Bad workmanship indeed.

Got to keep the troops happy.






Another hour of my life wasted.


John


----------



## zeusrekning (Apr 1, 2008)

John, That would look awesome with some red and blue rhinestones on it.  :big:

Tim


----------



## Powder keg (Apr 1, 2008)

Not Wasted John... You can now say that you have the fanciest little greaser in the UK) Thats worth something. I think?

Thanks for sharing, Wes


----------



## Bogstandard (Apr 1, 2008)

Tim,

I just can't do it.

I don't want to upset Marv.

John


----------



## Bernd (Apr 1, 2008)

Dam John. Is there something your not good at.  

I studied that pic for a few minutes and I can't find one circle out of place.

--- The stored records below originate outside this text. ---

lemma finite_conn_graphs: "finite (conn_graphs n)"
proof (rule finite_subset)
  show "conn_graphs n \<subseteq> (\<lambda>R u v. (u, v) \<in> R) ` Pow ({0..<n} \<times> {0..<n})"
  proof
    fix E assume "E \<in> conn_graphs n"
    then have "\<And>u v. E u v \<Longrightarrow> u < n \<and> v < n" by (simp add: conn_graphs_def simple_graph_def)
    then have "E = (\<lambda>u v. (u, v) \<in> {(u, v). u < n \<and> v < n \<and> E u v})" by (auto intro!: ext)
    moreover have "{(u, v). u < n \<and> v < n \<and> E u v} \<in> Pow ({0..<n} \<times> {0..<n})" by auto
    ultimately show "E \<in> (\<lambda>R u v. (u, v) \<in> R) ` Pow ({0..<n} \<times> {0..<n})" by blast
  qed
qed simp

lemma conn_graphs_iff: "E \<in> conn_graphs n \<longleftrightarrow> connected_simple_graph n E"
  by (simp add: conn_graphs_def connected_simple_graph_def)

theorem theorem1:
  fixes n :: nat
  assumes "n \<ge> 3"
  shows "Max (T_min n ` conn_graphs n) = 2 * n - 4
       \<and> Max (T_max n ` conn_graphs n) = n ^ 2 div 2 - 1"
proof
  have star: "star n \<in> conn_graphs n"
    by (simp add: conn_graphs_iff connected_simple_graph_star)
  have "T_min n (star n) = 2 * n - 4"
    using connected_simple_graph.T_min_le[OF connected_simple_graph_star assms]
      T_min_star_ge[OF assms] by simp
  then show "Max (T_min n ` conn_graphs n) = 2 * n - 4"
    using finite_conn_graphs star connected_simple_graph.T_min_le[OF _ assms]
    by (intro Max_image_eq_attained) (auto simp: conn_graphs_iff)
  have path: "path_graph n \<in> conn_graphs n"
    by (simp add: conn_graphs_iff connected_simple_graph_path_graph)
  have "T_max n (path_graph n) = n\<^sup>2 div 2 - 1"
    using connected_simple_graph.T_max_le[OF connected_simple_graph_path_graph[of n]]
      T_max_path_graph_ge[OF assms] assms by simp
  then show "Max (T_max n ` conn_graphs n) = n ^ 2 div 2 - 1"
    using finite_conn_graphs path connected_simple_graph.T_max_le assms
    by (intro Max_image_eq_attained) (auto simp: conn_graphs_iff)
qed

end
(* Both sides are sums \<Sum>k (\<alpha>_k - \<alpha>_(k+1)) * (likelihood of a set) with the same
   coefficients.  On the left, the superlevel set {x \<ge> \<alpha>_k} of x = t\<^sub>\<circ>(s) is t(\<phi>_k) by
   the choice of \<phi>.  Two models representing the same preference agree on every statement,
   \<lambda>(t \<phi>) = \<lambda>'(t' \<phi>): the bet on \<phi> alone and the bet placing \<lambda>(t \<phi>) on T and the rest on F
   have equal value in the first model, so they are indifferent, so they have equal value in
   the second.  On the right, t'\<^sub>\<bullet>(s) = \<Sum>k (\<alpha>_k - \<alpha>_(k+1)) 1_(t'(\<phi>_k)) is a simple
   function whose sets need not be nested, since t' is only exact; but additivity of \<lambda>' makes
   its integral linear: on the atoms of the finite algebra generated by the sets t'(\<phi>_k) the
   function is constant, and regrouping the sum over atoms gives \<Sum>k (\<alpha>_k - \<alpha>_(k+1)) \<lambda>'(t'(\<phi>_k)). *)

lemma sorted_wrt_greater_nth_le_iff:
  fixes xs :: "'a::linorder list"
  assumes "sorted_wrt (>) xs" "i < length xs" "j < length xs"
  shows "xs ! i \<le> xs ! j \<longleftrightarrow> j \<le> i"
  using sorted_wrt_nth_less[OF assms(1)] assms(2,3)
  by (metis le_less linorder_not_le nat_neq_iff)

lemma sum_diff_mult_partial_sums:
  fixes a b :: "nat \<Rightarrow> 'a::comm_ring"
  shows "(\<Sum>k<n. (a k - a (Suc k)) * (\<Sum>j\<le>k. b j)) = (\<Sum>j<n. (a j - a n) * b j)"
proof (induction n)
  case (Suc n)
  then show ?case
    by (simp add: lessThan_Suc_atMost[symmetric] sum_distrib_left sum_distrib_right
        algebra_simps sum.distrib sum_subtractf)
qed simp

lemma finite_values_if_desc_vals_nonempty:
  "desc_vals \<Omega> x \<noteq> [] \<Longrightarrow> finite (x ` \<Omega>)"
  using sorted_list_of_set.fold_insort_key.infinite by (force simp: desc_vals_def)

lemma set_desc_vals: "finite (x ` \<Omega>) \<Longrightarrow> set (desc_vals \<Omega> x) = x ` \<Omega>"
  by (simp add: desc_vals_def)

lemma distinct_desc_vals: "distinct (desc_vals \<Omega> x)"
  by (simp add: desc_vals_def)

lemma sorted_desc_vals: "sorted_wrt (>) (desc_vals \<Omega> x)"
  by (simp add: desc_vals_def sorted_wrt_rev strict_sorted_list_of_set)

lemma alpha_eq_nth: "k < length (desc_vals \<Omega> x) \<Longrightarrow> alpha \<Omega> x k = desc_vals \<Omega> x ! k"
  by (simp add: alpha_def)

lemma sum_values_eq_sum_desc_vals:
  "(\<Sum>u\<in>x ` \<Omega>. f u) = (\<Sum>u\<in>set (desc_vals \<Omega> x). f u)"
  by (cases "finite (x ` \<Omega>)") (auto simp: set_desc_vals desc_vals_def)

lemma superlevel_set_eq_UN_level_sets:
  assumes k: "k < length (desc_vals \<Omega> x)"
  shows "{\<omega>\<in>\<Omega>. alpha \<Omega> x k \<le> x \<omega>} = (\<Union>j\<le>k. {\<omega>\<in>\<Omega>. x \<omega> = alpha \<Omega> x j})"
proof -
  let ?ds = "desc_vals \<Omega> x"
  have "alpha \<Omega> x k \<le> x \<omega> \<longleftrightarrow> (\<exists>j\<le>k. x \<omega> = alpha \<Omega> x j)" if "\<omega> \<in> \<Omega>" for \<omega>
  proof -
    have "x \<omega> \<in> set ?ds"
    proof -
      have "finite (x ` \<Omega>)"
        using k by (intro finite_values_if_desc_vals_nonempty) auto
      then show ?thesis using that by (simp add: set_desc_vals)
    qed
    then obtain i where i: "i < length ?ds" "x \<omega> = ?ds ! i"
      by (auto simp: in_set_conv_nth)
    have "alpha \<Omega> x k \<le> x \<omega> \<longleftrightarrow> i \<le> k"
      using sorted_wrt_greater_nth_le_iff[OF sorted_desc_vals k i(1)] i(2) k
      by (simp add: alpha_eq_nth)
    also have "\<dots> \<longleftrightarrow> (\<exists>j\<le>k. ?ds ! i = ?ds ! j)"
      using distinct_desc_vals[of \<Omega> x] i(1) k
      by (auto simp: nth_eq_iff_index_eq dest: le_less_trans)
    also have "\<dots> \<longleftrightarrow> (\<exists>j\<le>k. x \<omega> = alpha \<Omega> x j)"
      using i(2) k by (auto simp: alpha_eq_nth)
    finally show ?thesis .
  qed
  then show ?thesis by blast
qed

lemma additive_on_finite_UN:
  assumes "algebra \<Omega> \<Sigma>" "additive_on \<Sigma> l" "l {} = 0"
    and "finite I" "\<And>i. i \<in> I \<Longrightarrow> B i \<in> \<Sigma>" "disjoint_family_on B I"
  shows "l (\<Union>i\<in>I. B i) = (\<Sum>i\<in>I. l (B i))"
  using assms(4-6)
proof (induction I rule: finite_induct)
  case (insert i I)
  have "(\<Union>j\<in>I. B j) \<in> \<Sigma>"
    using insert assms(1) by (intro algebra.axioms(1)[THEN ring_of_sets.finite_UN]) auto
  moreover have "B i \<inter> (\<Union>j\<in>I. B j) = {}"
    using insert.prems(2) insert.hyps(2) by (auto simp: disjoint_family_on_def)
  ultimately have "l (\<Union>j\<in>insert i I. B j) = l (B i) + l (\<Union>j\<in>I. B j)"
    using assms(2) insert.prems(1) by (simp add: additive_on_def)
  with insert show ?case
    by (simp add: disjoint_family_on_mono[of I "insert i I"] subset_insertI)
qed (simp add: assms(3))
lemma lower_bound:
  assumes \<delta>: "\<And>s. 0 < s \<Longrightarrow> s < \<delta> \<Longrightarrow> 1 < (INF x\<in>sphere 0 1. G x (s *\<^sub>R x)) * s powr \<beta>"
    and x: "x \<in> sphere 0 1" and t: "0 \<le> t" "ereal t < T"
  shows "min (INF x\<in>sphere 0 1. u x 0) \<delta> \<le> u x t"
proof -
  obtain x0 t0 where x0: "x0 \<in> sphere 0 1" and t0: "0 \<le> t0" "t0 \<le> t"
    and min: "\<And>x s. x \<in> sphere 0 1 \<Longrightarrow> 0 \<le> s \<Longrightarrow> s \<le> t \<Longrightarrow> u x0 t0 \<le> u x s"
    using attains_min[OF t] by blast
  have "min (INF x\<in>sphere 0 1. u x 0) \<delta> \<le> u x0 t0"
  proof (cases "t0 = 0")
    case True
    have "(INF x\<in>sphere 0 1. u x 0) \<le> u x0 0"
      using x0 min t(1) True by (intro cINF_lower bdd_belowI2[where m = "u x0 0"]) auto
    then show ?thesis using True by simp
  next
    case False
    let ?s = "u x0 t0"
    have t0T: "ereal t0 < T" using t0(2) t(2) by (auto intro: le_less_trans[of _ "ereal t"])
    then have s: "?s > 0" using solution_at(1)[OF x0 t0(1)] by simp
    have "(INF x\<in>sphere 0 1. G x (?s *\<^sub>R x)) * ?s powr \<beta> \<le> G x0 (?s *\<^sub>R x0) * ?s powr \<beta>"
      using x0 G_at_radial_point_pos[OF _ s]
      by (intro mult_right_mono cINF_lower bdd_belowI2[where m = 0]) (auto simp: less_imp_le)
    also have "\<dots> \<le> 1"
      using False t0 min by (intro inequality_at_min_point[OF x0 _ t0T]) auto
    finally have "\<not> ?s < \<delta>" using \<delta> s by (meson not_less)
    then show ?thesis by simp
  qed
  then show ?thesis using min[OF x t(1) order.refl] by linarith
qed

end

Beautiful. :bow:

Bernd


----------



## Lew Hartswick (Apr 1, 2008)

John you need a nice diamond knurled wheel on the top of the threaded part. 
  ...lew...


----------



## Brass_Machine (Apr 1, 2008)

Bogstandard  said:
			
		

> Tim,
> 
> I just can't do it.
> 
> ...



You got to John... it would be just too funny!

Eric


----------



## wareagle (Apr 1, 2008)

John,

You make me laugh!!! I guess you have redeemed yourself. Nice work, very nice!


----------



## Bogstandard (Apr 2, 2008)

Actually, I have wiped the engine turning off now, not really my scene on little throw it in a box until it is needed tooling.

What would the world be like if you can't have a bit of humour.

John


----------



## Hexbasher (Apr 3, 2008)

i have in my tool box at work the bearing packer style with two metal cone flanges, threaded together (which the screw has a through hole, cross holes, and a grease nipple at one end) works awesome

can do M6s to M100 size bearings (done quite afew M80s awhile back)


----------



## Bogstandard (Apr 8, 2008)

I had a Skype call from Ed Miles last night.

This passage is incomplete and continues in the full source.